Many of you may have read my previous posts on depression on my personal blog or even on the #SAChat blog. Several of you even contacted me – either to send messages of support or tell me about your own struggles with depression or other mental illnesses. I find that even now, almost four months later, I receive messages from people struggling with depression, anxiety, or other mental illnesses/mental health issues. Often, they are just looking for someone who knows what they’re going through. They want to be able to talk and not have to explain themselves. They want advice and reassurance that it gets better. They want to know they’re not alone.

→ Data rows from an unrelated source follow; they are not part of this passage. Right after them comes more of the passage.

(* Let $u=v$ be a context equation and let $u'=v'$ be obtained from it by one of the following operations: (1) replacing all occurrences of a context variable $X$ by $tX$ (respectively all occurrences of a variable $x$ by $tx$), where $t$ is a context term; (2) replacing all occurrences of a context variable $X$ by $Xt$, where $t$ is a context term; (3) replacing all occurrences of a variable $x$ by a ground term $t$; (4) performing an $(f,i,a)$ leaf compression on $u=v$; (5) performing an $a,b$ pair compression on $u=v$; (6) performing an $a$-maximal chain compression on $u=v$. If $u'=v'$ has a solution then $u=v$ has a solution.
   Context: $\Sigma$ is a ranked signature; $\Omega$ is a special constant not in $\Sigma$; context variables have arity $1$, variables arity $0$. Ground terms: finite ordered trees over $\Sigma$ with each node labelled $f$ having $\mathrm{ar}(f)$ children; ground contexts: ground terms over $\Sigma\cup\{\Omega\}$ with exactly one $\Omega$; terms: such trees over $\Sigma$, variables and context variables; context terms: trees over $\Sigma$, variables, context variables and $\Omega$ with exactly one $\Omega$. For a term or context term $s$ with one $\Omega$, "replacing $X$ by $tX$" means replacing each subterm $X(s)$ by $t$ with $\Omega$ replaced by $X(s)$, and "replacing $X$ by $Xt$" means replacing each $X(s)$ by $X(t')$ where $t'$ is $t$ with $\Omega$ replaced by $s$. A context equation is $u=v$ with $u,v$ terms. A substitution $\sigma$ assigns ground contexts to context variables and ground terms to variables, extended by $\sigma(a)=a$, $\sigma(f(t_1,\dots,t_m))=f(\sigma(t_1),\dots,\sigma(t_m))$, $\sigma(Xt)=\sigma(X)\sigma(t)$; a solution satisfies $\sigma(u)=\sigma(v)$. The compressions are performed on the equation viewed as a tree whose root is labelled $=$ with children $u$ and $v$ (variables and context variables are never compressed), with fresh letters not occurring in the equation: $(f,i,a)$ leaf compression ($\mathrm{ar}(f)=m\ge i\ge1$, $a$ a constant) replaces each subtree $f(t_1,\dots,t_{i-1},a,t_{i+1},\dots,t_m)$ by $f'(t_1,\dots,t_{i-1},t_{i+1},\dots,t_m)$ with $f'$ a fresh letter of arity $m-1$; $a,b$ pair compression ($a,b$ unary) replaces each node labelled $a$ whose child is labelled $b$, together with that child, by one node labelled by a fresh unary letter $c$; $a$-maximal chain compression ($a$ unary) replaces each maximal (upward and downward) chain of $\ell$ consecutive nodes labelled $a$ by one node labelled with a fresh unary letter $a_\ell$ (distinct for distinct $\ell$). *)

theory Defs
  imports Main
begin

text \<open>Trees over letters 'f (the ranked signature is a set of letters together with
an arity function), variables 'v (arity 0), context variables 'c (arity 1, hence
exactly one child) and the special constant Omega (Hole).\<close>

datatype ('f, 'v, 'c) tm =
    Fun 'f "('f, 'v, 'c) tm list"
  | Var 'v
  | CVar 'c "('f, 'v, 'c) tm"
  | Hole

fun funs :: "('f, 'v, 'c) tm \<Rightarrow> 'f set" where
  "funs (Fun f ts) = insert f (\<Union> (set (map funs ts)))"
| "funs (Var x) = {}"
| "funs (CVar X t) = funs t"
| "funs Hole = {}"

fun holes :: "('f, 'v, 'c) tm \<Rightarrow> nat" where
  "holes (Fun f ts) = sum_list (map holes ts)"
| "holes (Var x) = 0"
| "holes (CVar X t) = holes t"
| "holes Hole = 1"

fun wf :: "('f \<Rightarrow> nat) \<Rightarrow> ('f, 'v, 'c) tm \<Rightarrow> bool" where
  "wf ar (Fun f ts) = (length ts = ar f \<and> (\<forall>t\<in>set ts. wf ar t))"
| "wf ar (Var x) = True"
| "wf ar (CVar X t) = wf ar t"
| "wf ar Hole = True"

fun no_vars :: "('f, 'v, 'c) tm \<Rightarrow> bool" where
  "no_vars (Fun f ts) = (\<forall>t\<in>set ts. no_vars t)"
| "no_vars (Var x) = False"
| "no_vars (CVar X t) = False"
| "no_vars Hole = True"

definition is_term :: "'f set \<Rightarrow> ('f \<Rightarrow> nat) \<Rightarrow> ('f, 'v, 'c) tm \<Rightarrow> bool" where
  "is_term \<Sigma> ar t \<longleftrightarrow> wf ar t \<and> funs t \<subseteq> \<Sigma> \<and> holes t = 0"

definition is_ctxt_term :: "'f set \<Rightarrow> ('f \<Rightarrow> nat) \<Rightarrow> ('f, 'v, 'c) tm \<Rightarrow> bool" where
  "is_ctxt_term \<Sigma> ar t \<longleftrightarrow> wf ar t \<and> funs t \<subseteq> \<Sigma> \<and> holes t = 1"

definition ground_term :: "'f set \<Rightarrow> ('f \<Rightarrow> nat) \<Rightarrow> ('f, 'v, 'c) tm \<Rightarrow> bool" where
  "ground_term \<Sigma> ar t \<longleftrightarrow> is_term \<Sigma> ar t \<and> no_vars t"

definition ground_ctxt :: "'f set \<Rightarrow> ('f \<Rightarrow> nat) \<Rightarrow> ('f, 'v, 'c) tm \<Rightarrow> bool" where
  "ground_ctxt \<Sigma> ar t \<longleftrightarrow> is_ctxt_term \<Sigma> ar t \<and> no_vars t"

fun fill :: "('f, 'v, 'c) tm \<Rightarrow> ('f, 'v, 'c) tm \<Rightarrow> ('f, 'v, 'c) tm" where
  "fill (Fun f ts) s = Fun f (map (\<lambda>t. fill t s) ts)"
| "fill (Var x) s = Var x"
| "fill (CVar X t) s = CVar X (fill t s)"
| "fill Hole s = s"

fun sapp :: "('v \<Rightarrow> ('f, 'v, 'c) tm) \<Rightarrow> ('c \<Rightarrow> ('f, 'v, 'c) tm)
    \<Rightarrow> ('f, 'v, 'c) tm \<Rightarrow> ('f, 'v, 'c) tm" where
  "sapp sx sX (Fun f ts) = Fun f (map (sapp sx sX) ts)"
| "sapp sx sX (Var x) = sx x"
| "sapp sx sX (CVar X t) = fill (sX X) (sapp sx sX t)"
| "sapp sx sX Hole = Hole"

definition is_solution :: "'f set \<Rightarrow> ('f \<Rightarrow> nat) \<Rightarrow> ('v \<Rightarrow> ('f, 'v, 'c) tm)
    \<Rightarrow> ('c \<Rightarrow> ('f, 'v, 'c) tm) \<Rightarrow> ('f, 'v, 'c) tm \<Rightarrow> ('f, 'v, 'c) tm \<Rightarrow> bool" where
  "is_solution \<Sigma> ar sx sX u v \<longleftrightarrow>
     (\<forall>x. ground_term \<Sigma> ar (sx x)) \<and> (\<forall>X. ground_ctxt \<Sigma> ar (sX X)) \<and>
     sapp sx sX u = sapp sx sX v"

definition solvable :: "'f set \<Rightarrow> ('f \<Rightarrow> nat) \<Rightarrow> ('f, 'v, 'c) tm \<Rightarrow> ('f, 'v, 'c) tm \<Rightarrow> bool" where
  "solvable \<Sigma> ar u v \<longleftrightarrow> (\<exists>sx sX. is_solution \<Sigma> ar sx sX u v)"

text \<open>(1) X replaced by tX: each X(s) becomes t[X(s)] (simultaneously; occurrences
inside s are replaced as well, occurrences inside the inserted t are not).\<close>
fun pre_cvar :: "'c \<Rightarrow> ('f, 'v, 'c) tm \<Rightarrow> ('f, 'v, 'c) tm \<Rightarrow> ('f, 'v, 'c) tm" where
  "pre_cvar X t (Fun f ts) = Fun f (map (pre_cvar X t) ts)"
| "pre_cvar X t (Var y) = Var y"
| "pre_cvar X t (CVar Y s) =
     (if Y = X then fill t (CVar X (pre_cvar X t s)) else CVar Y (pre_cvar X t s))"
| "pre_cvar X t Hole = Hole"

fun pre_var :: "'v \<Rightarrow> ('f, 'v, 'c) tm \<Rightarrow> ('f, 'v, 'c) tm \<Rightarrow> ('f, 'v, 'c) tm" where
  "pre_var x t (Fun f ts) = Fun f (map (pre_var x t) ts)"
| "pre_var x t (Var y) = (if y = x then fill t (Var x) else Var y)"
| "pre_var x t (CVar Y s) = CVar Y (pre_var x t s)"
| "pre_var x t Hole = Hole"

fun post_cvar :: "'c \<Rightarrow> ('f, 'v, 'c) tm \<Rightarrow> ('f, 'v, 'c) tm \<Rightarrow> ('f, 'v, 'c) tm" where
  "post_cvar X t (Fun f ts) = Fun f (map (post_cvar X t) ts)"
| "post_cvar X t (Var y) = Var y"
| "post_cvar X t (CVar Y s) =
     (if Y = X then CVar X (fill t (post_cvar X t s)) else CVar Y (post_cvar X t s))"
| "post_cvar X t Hole = Hole"

fun inst_var :: "'v \<Rightarrow> ('f, 'v, 'c) tm \<Rightarrow> ('f, 'v, 'c) tm \<Rightarrow> ('f, 'v, 'c) tm" where
  "inst_var x t (Fun f ts) = Fun f (map (inst_var x t) ts)"
| "inst_var x t (Var y) = (if y = x then t else Var y)"
| "inst_var x t (CVar Y s) = CVar Y (inst_var x t s)"
| "inst_var x t Hole = Hole"

fun leaf_comp :: "'f \<Rightarrow> nat \<Rightarrow> 'f \<Rightarrow> 'f \<Rightarrow> ('f, 'v, 'c) tm \<Rightarrow> ('f, 'v, 'c) tm" where
  "leaf_comp f i a f' (Fun g ts) =
     (let ts' = map (leaf_comp f i a f') ts in
      if g = f \<and> 1 \<le> i \<and> i \<le> length ts \<and> ts ! (i - 1) = Fun a []
      then Fun f' (take (i - 1) ts' @ drop i ts')
      else Fun g ts')"
| "leaf_comp f i a f' (Var y) = Var y"
| "leaf_comp f i a f' (CVar Y s) = CVar Y (leaf_comp f i a f' s)"
| "leaf_comp f i a f' Hole = Hole"

text \<open>(5) a,b pair compression with fresh letter c (occurrences processed top-down).\<close>
fun pair_comp :: "'f \<Rightarrow> 'f \<Rightarrow> 'f \<Rightarrow> ('f, 'v, 'c) tm \<Rightarrow> ('f, 'v, 'c) tm" where
  "pair_comp a b c (Fun g [Fun h [s]]) =
     (if g = a \<and> h = b then Fun c [pair_comp a b c s]
      else Fun g [pair_comp a b c (Fun h [s])])"
| "pair_comp a b c (Fun g ts) = Fun g (map (pair_comp a b c) ts)"
| "pair_comp a b c (Var y) = Var y"
| "pair_comp a b c (CVar Y s) = CVar Y (pair_comp a b c s)"
| "pair_comp a b c Hole = Hole"

text \<open>(6) a-maximal chain compression; ac l is the fresh letter a_l.
The accumulator k counts the a-nodes of the current chain seen so far.\<close>
definition wrap_chain :: "(nat \<Rightarrow> 'f) \<Rightarrow> nat \<Rightarrow> ('f, 'v, 'c) tm \<Rightarrow> ('f, 'v, 'c) tm" where
  "wrap_chain ac k s = (if k = 0 then s else Fun (ac k) [s])"

fun chain_comp_aux :: "'f \<Rightarrow> (nat \<Rightarrow> 'f) \<Rightarrow> nat \<Rightarrow> ('f, 'v, 'c) tm \<Rightarrow> ('f, 'v, 'c) tm" where
  "chain_comp_aux a ac k (Fun g [t]) =
     (if g = a then chain_comp_aux a ac (Suc k) t
      else wrap_chain ac k (Fun g [chain_comp_aux a ac 0 t]))"
| "chain_comp_aux a ac k (Fun g ts) = wrap_chain ac k (Fun g (map (chain_comp_aux a ac 0) ts))"
| "chain_comp_aux a ac k (Var y) = wrap_chain ac k (Var y)"
| "chain_comp_aux a ac k (CVar Y s) = wrap_chain ac k (CVar Y (chain_comp_aux a ac 0 s))"
| "chain_comp_aux a ac k Hole = wrap_chain ac k Hole"

definition chain_comp :: "'f \<Rightarrow> (nat \<Rightarrow> 'f) \<Rightarrow> ('f, 'v, 'c) tm \<Rightarrow> ('f, 'v, 'c) tm" where
  "chain_comp a ac t = chain_comp_aux a ac 0 t"

definition fresh_for :: "'f \<Rightarrow> ('f, 'v, 'c) tm \<Rightarrow> ('f, 'v, 'c) tm \<Rightarrow> bool" where
  "fresh_for f u v \<longleftrightarrow> f \<notin> funs u \<and> f \<notin> funs v"

definition one_step :: "'f set \<Rightarrow> ('f \<Rightarrow> nat) \<Rightarrow> ('f, 'v, 'c) tm \<Rightarrow> ('f, 'v, 'c) tm
    \<Rightarrow> 'f set \<Rightarrow> ('f, 'v, 'c) tm \<Rightarrow> ('f, 'v, 'c) tm \<Rightarrow> bool" where
  "one_step \<Sigma> ar u v \<Sigma>' u' v' \<longleftrightarrow>
     \<comment> \<open>(1) X by tX\<close>
     (\<exists>X t. is_ctxt_term \<Sigma> ar t \<and> \<Sigma>' = \<Sigma> \<and>
        u' = pre_cvar X t u \<and> v' = pre_cvar X t v) \<or>
     \<comment> \<open>(1) x by tx\<close>
     (\<exists>x t. is_ctxt_term \<Sigma> ar t \<and> \<Sigma>' = \<Sigma> \<and>
        u' = pre_var x t u \<and> v' = pre_var x t v) \<or>
     \<comment> \<open>(2) X by Xt\<close>
     (\<exists>X t. is_ctxt_term \<Sigma> ar t \<and> \<Sigma>' = \<Sigma> \<and>
        u' = post_cvar X t u \<and> v' = post_cvar X t v) \<or>
     \<comment> \<open>(3) x by a ground term t\<close>
     (\<exists>x t. ground_term \<Sigma> ar t \<and> \<Sigma>' = \<Sigma> \<and>
        u' = inst_var x t u \<and> v' = inst_var x t v) \<or>
     \<comment> \<open>(4) (f,i,a) leaf compression\<close>
     (\<exists>f i a f'. f \<in> \<Sigma> \<and> a \<in> \<Sigma> \<and> ar a = 0 \<and> 1 \<le> i \<and> i \<le> ar f \<and>
        fresh_for f' u v \<and> ar f' = ar f - 1 \<and> \<Sigma>' = insert f' \<Sigma> \<and>
        u' = leaf_comp f i a f' u \<and> v' = leaf_comp f i a f' v) \<or>
     \<comment> \<open>(5) a,b pair compression\<close>
     (\<exists>a b c. a \<in> \<Sigma> \<and> b \<in> \<Sigma> \<and> ar a = 1 \<and> ar b = 1 \<and>
        fresh_for c u v \<and> ar c = 1 \<and> \<Sigma>' = insert c \<Sigma> \<and>
        u' = pair_comp a b c u \<and> v' = pair_comp a b c v) \<or>
     \<comment> \<open>(6) a-maximal chain compression\<close>
     (\<exists>a ac. a \<in> \<Sigma> \<and> ar a = 1 \<and> inj_on ac {1..} \<and>
        (\<forall>l\<ge>1. fresh_for (ac l) u v \<and> ar (ac l) = 1) \<and> \<Sigma>' = \<Sigma> \<union> ac ` {1..} \<and>
        u' = chain_comp a ac u \<and> v' = chain_comp a ac v)"

end

theory Submission
  imports Defs
begin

I can’t emphasize this enough: I am thrilled to be that person. That might seem odd, but I really and truly am. You know why? Because it means that they have someone they can call, and they feel comfortable enough with me for me to be that someone. Thinking back on the times I struggled most with my depression, I know that some of the most comforting moments were when I was able to talk to a good friend of mine who has similar struggles. If I had not had that touchpoint, I can’t be certain I would have made it through as I did.
So please, keep calling, writing, tweeting, Facebooking, just generally reaching out to me – whenever you need it. I’m here. I get it. I’m ready to be your “someone.”
That being said – why aren’t there more “someones” out there? I think it still in large part has to do with the fear of “outing” oneself as depressed, as mentally ill or unwell. Hey, I can’t blame them – I’m 35, and I’m just newly comfortable talking about it to the extent that I do. And when I say “comfortable,” I really mean that I’m comfortable writing about it. I still struggle with the occasional person that says something to me about my posts face-to-face – it’s much easier behind the glare of my computer screen than in person.
This tells me we have a long way to go as a profession.
How are you showing your colleagues that you’re ready to be there for them? That you’re ready to accept them without stigma? How will we fight the need for fear together?